- Born: Alfred Airey 25 May 1909 Newcastle-upon-Tyne, England
- Died: 1 October 2000 (aged 91) Leichhardt, Sydney, Australia
- Other name: Jack Blake
- Notable work: Revolution from Within: A Contemporary Theory of Social Change (1971)
- Political party: Communist Party of Australia
- Spouse: Audrey Elsie Blake

= John David Blake =

John David Blake (1909–2000) was a trade union organiser, newspaper editor, and a high ranking personality within the Communist Party of Australia.

== Background ==
He was born on the 5 May 1909 in Newcastle upon Tyne as "Alfred Airey". Later in life he changed his name to "John David Blake" by deed poll, but went more commonly by the name Jack Blake.

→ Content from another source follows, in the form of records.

text \<open>\<open>X * X ^ r\<close> splits into five pairs \<open>p + (p ^ r) ^ r\<close> or \<open>g ^ 2 + g ^ r\<close>, each of trace 0.\<close>
lemma Tr_frobenius_cycle:
  fixes y y1 y2 :: 'a
  assumes "y \<noteq> 0"
    and cycle: "y ^ (2 ^ k) = y1" "y1 ^ (2 ^ k) = y2" "y2 ^ (2 ^ k) = y ^ 2"
  shows "Tr n (((1 + y ^ 3 + y1 ^ 3 + y2 ^ 3) / (y ^ 2 * y2))
               * ((1 + y ^ 3 + y1 ^ 3 + y2 ^ 3) / (y ^ 2 * y2)) ^ (2 ^ k)) = 0"
proof -
  let ?r = "2 ^ k :: nat"
  have nz: "y1 \<noteq> 0" "y2 \<noteq> 0" using assms by (metis power_not_zero)+
  have rho: "(y ^ m) ^ ?r = y1 ^ m" "(y1 ^ m) ^ ?r = y2 ^ m" "(y2 ^ m) ^ ?r = (y ^ 2) ^ m" for m
    using cycle by (metis power_mult mult.commute)+
  define A B C D where "A = y ^ 3" and "B = y1 ^ 3" and "C = y2 ^ 3" and "D = y ^ 2 * y2 * (y1 ^ 2 * y ^ 2)"
  define g where "g = y * y2 / y1"
  define X where "X = (1 + A + B + C) / (y ^ 2 * y2)"
  have rho_X: "X ^ ?r = (1 + B + C + A ^ 2) / (y1 ^ 2 * y ^ 2)"
    unfolding X_def A_def B_def C_def
    by (simp add: power_divide power_mult_distrib frobenius_add rho cycle)
  have "X * X ^ ?r = ((1 + A + B + C) * (1 + B + C + A ^ 2)) / D"
    unfolding rho_X D_def by (simp only: X_def times_divide_times_eq)
  also have "(1 + A + B + C) * (1 + B + C + A ^ 2)
      = (1 + A) + (A ^ 3 + C ^ 2) + (A * C + B ^ 2) + (A * B + A ^ 2) + (A ^ 2 * C + A ^ 2 * B)
        + 2 * (B + C + B * C)"
    by (simp add: algebra_simps power2_eq_square power3_eq_cube)
  finally have "X * X ^ ?r = (A / D + 1 / D) + (A ^ 3 / D + C ^ 2 / D) + (A * C / D + B ^ 2 / D)
      + (A * B / D + A ^ 2 / D) + (A ^ 2 * C / D + A ^ 2 * B / D)"
    by (simp add: two_eq_zero add_divide_distrib)
  moreover have "1 / D = ((A / D) ^ ?r) ^ ?r" "C ^ 2 / D = ((A ^ 3 / D) ^ ?r) ^ ?r"
    "B ^ 2 / D = ((A * C / D) ^ ?r) ^ ?r" "A ^ 2 / D = ((A * B / D) ^ ?r) ^ ?r"
    "A ^ 2 * C / D = g ^ 2" "A ^ 2 * B / D = g ^ ?r"
    using assms nz unfolding A_def B_def C_def D_def g_def
    by (simp_all add: power_divide power_mult_distrib rho cycle)
      (simp_all add: field_simps eval_nat_numeral mult_ac)
  ultimately show ?thesis
    unfolding X_def A_def B_def C_def
    by (simp only: Tr_add power_power_two_pow Tr_power_two_pow Tr_square add_self add_0)
qed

He and his family migrate from England to Australia in 1922 where Blake would spend the rest of his life. Between 1923 and 1930 he worked in the State coalmine at Lithgow, New South Wales where he was an active trade unionist.

== Activism ==
During the 1930s he was a graduate of the Soviet Union's (USSR) International Lenin School, and travelled extensively across the USSR during the same decade. He was also married to the communist activist and trade unionist Audrey Elsie Boyd (1916–2006), and was also an editor for the communist party newspaper, Workers’ Voice (later renamed Guardian).

In 1940 his house was raised by the Commonwealth Investigation Branch who seized 140 books from his house. In the early 1950s a spy working for the Australian Security and Intelligence Organization, noted that Blake was one of the central figures in the leadership of the Communist Party of Australia.

Later in life he was awarded a research grant which led to the creation of his book Revolution from Within: A Contemporary Theory of Social Change (1971).

== Additional sources ==

- Phillip Deery. The Sickle and the Scythe: Jack Blake and Communist Party ‘Consolidation’, 1949–56. Labour History: A Journal of Labour and Social History. Number 80.